Records contained in a dataset
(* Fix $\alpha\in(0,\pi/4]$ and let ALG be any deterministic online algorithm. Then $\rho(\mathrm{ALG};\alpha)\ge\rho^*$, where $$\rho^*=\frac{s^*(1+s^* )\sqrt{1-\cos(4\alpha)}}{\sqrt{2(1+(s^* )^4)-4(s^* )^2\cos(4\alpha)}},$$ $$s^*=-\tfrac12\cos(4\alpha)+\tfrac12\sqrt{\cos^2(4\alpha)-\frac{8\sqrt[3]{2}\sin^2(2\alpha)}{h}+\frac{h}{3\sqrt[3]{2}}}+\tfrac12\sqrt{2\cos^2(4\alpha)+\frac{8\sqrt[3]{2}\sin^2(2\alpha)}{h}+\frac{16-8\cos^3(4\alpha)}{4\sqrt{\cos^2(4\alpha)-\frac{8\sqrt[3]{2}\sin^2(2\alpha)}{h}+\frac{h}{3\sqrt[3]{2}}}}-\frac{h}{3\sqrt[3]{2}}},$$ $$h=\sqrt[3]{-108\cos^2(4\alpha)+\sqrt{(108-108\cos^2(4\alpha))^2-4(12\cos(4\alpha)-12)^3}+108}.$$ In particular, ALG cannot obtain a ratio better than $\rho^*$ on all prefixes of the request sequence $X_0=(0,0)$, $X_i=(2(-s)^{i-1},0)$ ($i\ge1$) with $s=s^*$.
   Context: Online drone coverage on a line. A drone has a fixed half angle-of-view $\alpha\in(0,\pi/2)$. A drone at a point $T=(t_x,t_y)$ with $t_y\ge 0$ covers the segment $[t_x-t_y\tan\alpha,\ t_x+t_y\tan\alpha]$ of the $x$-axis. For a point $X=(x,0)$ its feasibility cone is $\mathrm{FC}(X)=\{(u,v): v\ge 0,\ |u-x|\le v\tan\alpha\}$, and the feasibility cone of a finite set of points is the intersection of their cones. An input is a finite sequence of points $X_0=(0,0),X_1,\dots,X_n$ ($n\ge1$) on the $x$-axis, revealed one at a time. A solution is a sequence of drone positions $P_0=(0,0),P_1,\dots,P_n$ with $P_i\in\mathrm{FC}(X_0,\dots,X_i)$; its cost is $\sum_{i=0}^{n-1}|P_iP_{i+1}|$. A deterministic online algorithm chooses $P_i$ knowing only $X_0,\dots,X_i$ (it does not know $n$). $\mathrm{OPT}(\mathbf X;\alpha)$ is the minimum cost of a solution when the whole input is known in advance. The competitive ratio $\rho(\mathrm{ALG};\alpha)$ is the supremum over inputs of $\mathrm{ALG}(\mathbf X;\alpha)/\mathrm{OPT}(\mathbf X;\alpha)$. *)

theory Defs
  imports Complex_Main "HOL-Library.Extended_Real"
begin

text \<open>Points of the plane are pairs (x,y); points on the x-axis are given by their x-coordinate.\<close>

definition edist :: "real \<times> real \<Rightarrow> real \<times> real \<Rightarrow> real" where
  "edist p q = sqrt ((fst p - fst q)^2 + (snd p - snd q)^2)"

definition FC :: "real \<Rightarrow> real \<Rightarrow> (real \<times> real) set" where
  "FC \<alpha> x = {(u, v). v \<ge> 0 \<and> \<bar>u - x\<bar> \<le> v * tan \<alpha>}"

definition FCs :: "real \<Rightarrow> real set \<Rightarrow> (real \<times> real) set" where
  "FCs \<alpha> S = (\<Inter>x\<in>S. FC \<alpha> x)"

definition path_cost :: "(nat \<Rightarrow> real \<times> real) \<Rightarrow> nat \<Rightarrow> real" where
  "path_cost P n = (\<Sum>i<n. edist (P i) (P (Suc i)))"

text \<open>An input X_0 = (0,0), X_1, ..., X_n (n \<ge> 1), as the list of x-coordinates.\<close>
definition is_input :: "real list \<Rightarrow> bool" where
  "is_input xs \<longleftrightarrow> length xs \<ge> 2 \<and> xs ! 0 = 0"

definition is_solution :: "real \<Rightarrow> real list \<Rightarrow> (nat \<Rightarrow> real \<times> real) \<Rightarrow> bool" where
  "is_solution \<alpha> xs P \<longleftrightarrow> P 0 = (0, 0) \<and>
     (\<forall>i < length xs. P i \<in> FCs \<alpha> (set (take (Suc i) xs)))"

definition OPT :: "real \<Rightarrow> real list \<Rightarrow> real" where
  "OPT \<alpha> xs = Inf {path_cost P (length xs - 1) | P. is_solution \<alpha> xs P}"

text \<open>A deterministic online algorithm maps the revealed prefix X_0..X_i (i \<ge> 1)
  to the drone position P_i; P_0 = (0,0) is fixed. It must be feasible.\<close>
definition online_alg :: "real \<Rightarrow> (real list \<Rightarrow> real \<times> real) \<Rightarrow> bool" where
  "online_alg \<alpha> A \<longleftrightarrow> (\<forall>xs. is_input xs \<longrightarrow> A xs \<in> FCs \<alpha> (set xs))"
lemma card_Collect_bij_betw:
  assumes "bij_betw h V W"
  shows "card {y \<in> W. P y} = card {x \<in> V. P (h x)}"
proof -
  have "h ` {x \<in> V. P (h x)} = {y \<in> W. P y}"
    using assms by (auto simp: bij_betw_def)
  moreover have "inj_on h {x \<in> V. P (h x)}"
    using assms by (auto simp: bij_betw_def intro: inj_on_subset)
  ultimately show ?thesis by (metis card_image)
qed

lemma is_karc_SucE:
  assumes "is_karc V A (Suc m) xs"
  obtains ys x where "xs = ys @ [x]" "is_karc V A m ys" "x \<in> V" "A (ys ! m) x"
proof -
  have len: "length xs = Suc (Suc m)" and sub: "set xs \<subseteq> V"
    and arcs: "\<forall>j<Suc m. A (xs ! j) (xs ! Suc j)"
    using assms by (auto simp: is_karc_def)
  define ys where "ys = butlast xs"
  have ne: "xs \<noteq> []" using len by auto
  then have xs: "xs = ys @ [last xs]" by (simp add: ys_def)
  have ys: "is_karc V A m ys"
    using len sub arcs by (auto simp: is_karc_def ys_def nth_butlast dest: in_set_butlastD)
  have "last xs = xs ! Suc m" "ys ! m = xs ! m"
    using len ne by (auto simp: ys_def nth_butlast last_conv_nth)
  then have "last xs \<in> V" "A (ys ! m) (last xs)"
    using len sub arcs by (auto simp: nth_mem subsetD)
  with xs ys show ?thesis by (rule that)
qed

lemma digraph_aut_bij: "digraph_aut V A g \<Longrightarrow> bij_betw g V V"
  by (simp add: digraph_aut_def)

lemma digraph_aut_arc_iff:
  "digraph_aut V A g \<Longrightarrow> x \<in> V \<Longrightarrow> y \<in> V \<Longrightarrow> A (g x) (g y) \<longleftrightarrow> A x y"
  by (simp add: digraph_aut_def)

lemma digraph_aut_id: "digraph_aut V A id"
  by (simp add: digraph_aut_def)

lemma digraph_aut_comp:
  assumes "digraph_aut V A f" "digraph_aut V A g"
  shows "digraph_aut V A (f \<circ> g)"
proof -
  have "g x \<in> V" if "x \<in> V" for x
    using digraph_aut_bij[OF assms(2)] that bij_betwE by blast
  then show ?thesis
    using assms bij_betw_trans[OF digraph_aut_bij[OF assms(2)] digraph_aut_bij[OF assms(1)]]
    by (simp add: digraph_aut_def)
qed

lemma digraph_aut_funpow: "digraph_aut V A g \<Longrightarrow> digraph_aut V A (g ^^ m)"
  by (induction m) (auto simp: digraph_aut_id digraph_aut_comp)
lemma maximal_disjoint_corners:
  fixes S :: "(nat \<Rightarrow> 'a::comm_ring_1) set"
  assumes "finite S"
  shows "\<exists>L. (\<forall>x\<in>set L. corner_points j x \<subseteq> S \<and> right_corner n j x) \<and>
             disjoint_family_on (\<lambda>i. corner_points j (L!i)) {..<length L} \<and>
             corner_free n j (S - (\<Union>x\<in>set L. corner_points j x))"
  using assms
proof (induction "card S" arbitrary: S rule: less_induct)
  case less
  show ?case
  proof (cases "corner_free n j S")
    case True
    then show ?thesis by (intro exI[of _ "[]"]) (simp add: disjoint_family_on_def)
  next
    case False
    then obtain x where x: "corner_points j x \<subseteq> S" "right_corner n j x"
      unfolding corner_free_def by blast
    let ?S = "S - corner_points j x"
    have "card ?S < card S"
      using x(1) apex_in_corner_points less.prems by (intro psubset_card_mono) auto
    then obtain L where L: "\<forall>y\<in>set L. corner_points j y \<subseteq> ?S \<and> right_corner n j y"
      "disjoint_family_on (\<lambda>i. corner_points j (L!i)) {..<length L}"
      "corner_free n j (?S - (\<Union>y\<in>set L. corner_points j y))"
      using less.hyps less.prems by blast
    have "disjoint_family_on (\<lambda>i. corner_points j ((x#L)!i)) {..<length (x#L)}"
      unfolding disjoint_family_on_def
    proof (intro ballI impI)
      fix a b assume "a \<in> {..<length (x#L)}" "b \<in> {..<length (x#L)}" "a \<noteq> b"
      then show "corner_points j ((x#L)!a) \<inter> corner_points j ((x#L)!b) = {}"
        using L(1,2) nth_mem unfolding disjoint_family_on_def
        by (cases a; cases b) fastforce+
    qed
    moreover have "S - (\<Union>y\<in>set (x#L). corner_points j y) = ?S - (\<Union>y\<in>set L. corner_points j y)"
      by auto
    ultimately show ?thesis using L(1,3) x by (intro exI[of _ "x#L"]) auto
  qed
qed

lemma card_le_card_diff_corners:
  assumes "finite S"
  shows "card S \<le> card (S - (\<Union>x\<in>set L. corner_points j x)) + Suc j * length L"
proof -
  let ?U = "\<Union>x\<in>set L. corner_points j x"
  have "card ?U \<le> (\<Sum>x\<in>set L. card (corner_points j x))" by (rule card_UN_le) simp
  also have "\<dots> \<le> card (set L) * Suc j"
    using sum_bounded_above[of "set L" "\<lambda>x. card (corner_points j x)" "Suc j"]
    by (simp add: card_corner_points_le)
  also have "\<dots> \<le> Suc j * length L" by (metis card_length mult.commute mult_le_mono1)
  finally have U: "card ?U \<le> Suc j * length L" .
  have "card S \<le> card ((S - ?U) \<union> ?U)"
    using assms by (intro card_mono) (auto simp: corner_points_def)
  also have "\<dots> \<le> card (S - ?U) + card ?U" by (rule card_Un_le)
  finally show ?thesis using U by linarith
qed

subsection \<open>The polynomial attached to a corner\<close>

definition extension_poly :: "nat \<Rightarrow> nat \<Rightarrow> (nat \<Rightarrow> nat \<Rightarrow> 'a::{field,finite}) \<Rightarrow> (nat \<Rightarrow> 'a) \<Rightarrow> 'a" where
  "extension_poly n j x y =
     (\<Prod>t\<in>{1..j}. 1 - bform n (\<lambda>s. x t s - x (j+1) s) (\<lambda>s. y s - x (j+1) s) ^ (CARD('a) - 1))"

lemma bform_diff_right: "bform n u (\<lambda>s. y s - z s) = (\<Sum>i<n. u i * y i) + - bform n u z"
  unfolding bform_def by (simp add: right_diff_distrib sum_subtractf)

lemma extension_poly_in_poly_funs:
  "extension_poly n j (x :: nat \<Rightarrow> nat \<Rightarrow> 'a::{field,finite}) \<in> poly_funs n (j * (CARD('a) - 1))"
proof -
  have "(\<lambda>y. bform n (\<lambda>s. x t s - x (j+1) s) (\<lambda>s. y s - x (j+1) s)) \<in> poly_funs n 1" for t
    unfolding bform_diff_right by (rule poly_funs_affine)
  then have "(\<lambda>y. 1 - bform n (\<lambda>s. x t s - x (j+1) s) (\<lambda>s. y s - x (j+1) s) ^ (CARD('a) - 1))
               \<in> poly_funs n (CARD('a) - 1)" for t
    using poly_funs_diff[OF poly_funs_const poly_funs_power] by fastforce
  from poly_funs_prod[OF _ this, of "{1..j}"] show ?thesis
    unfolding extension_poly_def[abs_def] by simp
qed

▸ **Work task**: In the records above, find each line with the string "fastforce" and list it.

▸ **Exercise output**:
        by (cases a; cases b) fastforce+
    using poly_funs_diff[OF poly_funs_const poly_funs_power] by fastforce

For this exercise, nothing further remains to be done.